For the COMB, we use all four bytes of the time and two bytes of the date. This means our date has no sign bit and has a maximum value of 65,535, limiting our date range to January 1, 1900 through June 5, 2079 -- a very reasonable spread.
If you use this in conjunction with
SqlCombProvider, your COMB values will be compatible with the original COMB article, and you can easily use plain T-SQL to encode and decode the timestamps without requiring .NET (the overhead for doing this in T-SQL is minimal):
Creating a COMB
uniqueidentifier in T-SQL with the current date and time:
DECLARE @value DATETIME = '2002-01-10 23:40:35' SELECT CAST( CAST(NEWID() AS binary(10)) + CAST(@value AS binary(6)) AS uniqueidentifier) --xxxxxxxx-xxxx-xxxx-xxxx-919001862CC4
datetime value from a COMB
uniqueidentifier created using the above T-SQL:
DECLARE @value UNIQUEIDENTIFIER = 'E25AFE33-DB2D-4502-9BF0-919001862CC4' SELECT CAST( CAST(0 AS binary(2)) + SUBSTRING(CAST(@value AS binary(16)), 11, 6) AS datetime) -- 2002-01-10 23:40:35.000
Regardless which strategy is used for encoding the timestamp, we need to overwrite the portion of the GUID that is sorted first, so our GUIDs are sortable in date/time order and minimize index page splits.
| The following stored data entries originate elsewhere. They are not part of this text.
lemma periodic3_eqI:
  assumes "periodic3 N F" "periodic3 N G" "N \<ge> 1" "\<And>x. x \<in> grid_box N \<Longrightarrow> F x = G x"
  shows "F x = G x"
proof -
  have wrap: "\<exists>m. t + int N * m \<in> {1..int N}" for t
  proof
    have N: "0 < int N" using assms(3) by simp
    have "t + int N * (- ((t - 1) div int N)) = (t - 1) mod int N + 1"
      by (simp add: algebra_simps minus_div_mult_eq_mod[symmetric])
    then show "t + int N * (- ((t - 1) div int N)) \<in> {1..int N}"
      using pos_mod_bound[OF N, of "t - 1"] pos_mod_sign[OF N, of "t - 1"] by simp
  qed
  have shift: "H (i + int N * m1, j + int N * m2, l + int N * m3) = H (i, j, l)"
    if "periodic3 N H" for H :: "idx3 \<Rightarrow> 'a" and i j l m1 m2 m3
  proof -
    have "H (i + int N * m1, j + int N * m2, l + int N * m3) = H (i, j + int N * m2, l + int N * m3)"
      by (rule periodic_add_multiple[where g="\<lambda>i. H (i, _, _)"]) (use that in \<open>simp add: periodic3_def\<close>)
    also have "\<dots> = H (i, j, l + int N * m3)"
      by (rule periodic_add_multiple[where g="\<lambda>j. H (_, j, _)"]) (use that in \<open>simp add: periodic3_def\<close>)
    also have "\<dots> = H (i, j, l)"
      by (rule periodic_add_multiple[where g="\<lambda>l. H (_, _, l)"]) (use that in \<open>simp add: periodic3_def\<close>)
    finally show ?thesis .
  qed
  obtain i j l where x: "x = (i, j, l)" by (cases x)
  obtain m1 m2 m3 where "i + int N * m1 \<in> {1..int N}" "j + int N * m2 \<in> {1..int N}"
      "l + int N * m3 \<in> {1..int N}"
    using wrap by meson
  then show ?thesis
    using assms(4) shift[OF assms(1), of i m1 j m2 l m3] shift[OF assms(2), of i m1 j m2 l m3]
    by (simp add: x window3_def)
qed

lemma sum_product3:
  fixes f g h :: "_ \<Rightarrow> 'a::comm_semiring_0"
  shows "(\<Sum>a\<in>A. \<Sum>b\<in>B. \<Sum>c\<in>C. f a * g b * h c) = sum f A * sum g B * sum h C"
proof -
  have "(\<Sum>a\<in>A. \<Sum>b\<in>B. \<Sum>c\<in>C. f a * g b * h c) = (\<Sum>a\<in>A. \<Sum>b\<in>B. f a * g b * sum h C)"
    by (simp add: sum_distrib_left)
  also have "\<dots> = (\<Sum>a\<in>A. \<Sum>b\<in>B. f a * g b) * sum h C"
    by (simp add: sum_distrib_right)
  finally show ?thesis by (simp add: sum_product)
qed

lemma sum_unit_root_window3:
  assumes "N \<ge> 1"
  shows "(\<Sum>k\<in>window3 s N. unit_root N (dot3 k (d1, d2, d3))) =
         (if int N dvd d1 \<and> int N dvd d2 \<and> int N dvd d3 then of_nat N ^ 3 else 0)"
proof -
  let ?W = "{s+1..s+int N}"
  have "(\<Sum>k\<in>window3 s N. unit_root N (dot3 k (d1, d2, d3)))
      = (\<Sum>a\<in>?W. \<Sum>b\<in>?W. \<Sum>c\<in>?W. unit_root N (d1 * a) * unit_root N (d2 * b) * unit_root N (d3 * c))"
    by (simp add: sum_window3 unit_root_add[symmetric] ac_simps)
  also have "\<dots> = (\<Sum>a\<in>?W. unit_root N (d1 * a)) * (\<Sum>b\<in>?W. unit_root N (d2 * b))
                  * (\<Sum>c\<in>?W. unit_root N (d3 * c))"
    by (rule sum_product3)
  finally show ?thesis by (simp add: sum_unit_root_window[OF assms] power3_eq_cube)
qed

lemma sum_unit_root_freq_box:
  assumes "N \<ge> 1" "x \<in> grid_box N" "y \<in> grid_box N"
  shows "(\<Sum>k\<in>freq_box N. unit_root N (dot3 k y - dot3 k x)) = (if x = y then of_nat N ^ 3 else 0)"
proof -
  obtain x1 x2 x3 where x: "x = (x1, x2, x3)" by (cases x)
  obtain y1 y2 y3 where y: "y = (y1, y2, y3)" by (cases y)
  have "dot3 k y - dot3 k x = dot3 k (y1 - x1, y2 - x2, y3 - x3)" for k
    by (cases k) (simp add: x y algebra_simps)
  moreover have "(int N dvd (y1 - x1) \<and> int N dvd (y2 - x2) \<and> int N dvd (y3 - x3)) \<longleftrightarrow> x = y"
    using window_dvd_diff_imp_eq[of y1 0 N x1] window_dvd_diff_imp_eq[of y2 0 N x2]
      window_dvd_diff_imp_eq[of y3 0 N x3] assms(2,3)
    by (auto simp: x y window3_def)
  ultimately show ?thesis by (simp add: freq_box_def sum_unit_root_window3[OF assms(1)])
qed

lemma sum_unit_root_grid_box:
  assumes "N \<ge> 1" "k \<in> freq_box N - {(0, 0, 0)}"
  shows "(\<Sum>x\<in>grid_box N. unit_root N (dot3 k x)) = 0"
proof -
  obtain a b c where k: "k = (a, b, c)" by (cases k)
  have "\<not> (int N dvd a \<and> int N dvd b \<and> int N dvd c)"
    using assms zero_in_freq_box[OF assms(1)]
      window_dvd_diff_imp_eq[of a "- ((int N + 1) div 2)" N 0]
      window_dvd_diff_imp_eq[of b "- ((int N + 1) div 2)" N 0]
      window_dvd_diff_imp_eq[of c "- ((int N + 1) div 2)" N 0]
    by (auto simp: k freq_box_def window3_def)
  then show ?thesis
    unfolding k dot3_commute[of "(a, b, c)"] sum_unit_root_window3[OF assms(1)] by auto
qed

definition dft :: "nat \<Rightarrow> (idx3 \<Rightarrow> real) \<Rightarrow> idx3 \<Rightarrow> complex" where
  "dft N f k = (\<Sum>x\<in>grid_box N. of_real (f x) * unit_root N (- dot3 k x))"

lemma dft_zero_freq: "dft N f (0, 0, 0) = of_real (sum f (grid_box N))"
  by (simp add: dft_def)

lemma dft_add: "dft N (\<lambda>x. f x + g x) k = dft N f k + dft N g k"
  by (simp add: dft_def sum.distrib distrib_right)

lemma dft_diff: "dft N (\<lambda>x. f x - g x) k = dft N f k - dft N g k"
  by (simp add: dft_def sum_subtractf left_diff_distrib)

lemma dft_mult_const: "dft N (\<lambda>x. c * f x) k = of_real c * dft N f k"
  by (simp add: dft_def sum_distrib_left mult.assoc)

lemma dft_divide_const: "dft N (\<lambda>x. f x / c) k = dft N f k / of_real c"
  by (simp add: dft_def sum_divide_distrib)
This differs by database platform.
System.Data.SqlTypes.SqlGuid sort first by the last 6
Data4 bytes, left to right, then the first two bytes of
Data4 (again, left to right), then
Data1 right to left. This means for COMB purposes, we want to overwrite the last 6 bytes of
Data4 (byte index 10), left to right.
However, PostgreSQL and
System.Guid sort GUIDs in the order shown as a string, which means for PostgreSQL COMB values, we want to overwrite the bytes that are shown first from the left. Since
System.Guid shows bytes for
Data3 in a different order than it stores them internally, we have to account for this when overwriting those bytes. For example, our most significant byte inside a
Guid will be at index 3, not index 0.
Here is a fiddler illustrating some of this:
As mentioned above, MSSQL sorts the last 6 bytes first, left to right, so we plug our timestamp into the GUID structure starting at the 11th byte, most significant byte first:
00112233-4455-6677-8899-AABBCCDDEEFF xxxxxxxx xxxx 4xxx Vxxx MMMMMMMMMMMM UnixDateTimeStrategy, milliseconds xxxxxxxx xxxx 4xxx Vxxx DDDDTTTTTTTT SqlDateTimeStrategy, days and 1/300s 4 = version V = variant x = random
For PostgreSQL, the first bytes are sorted first, so those are the ones we want to overwrite.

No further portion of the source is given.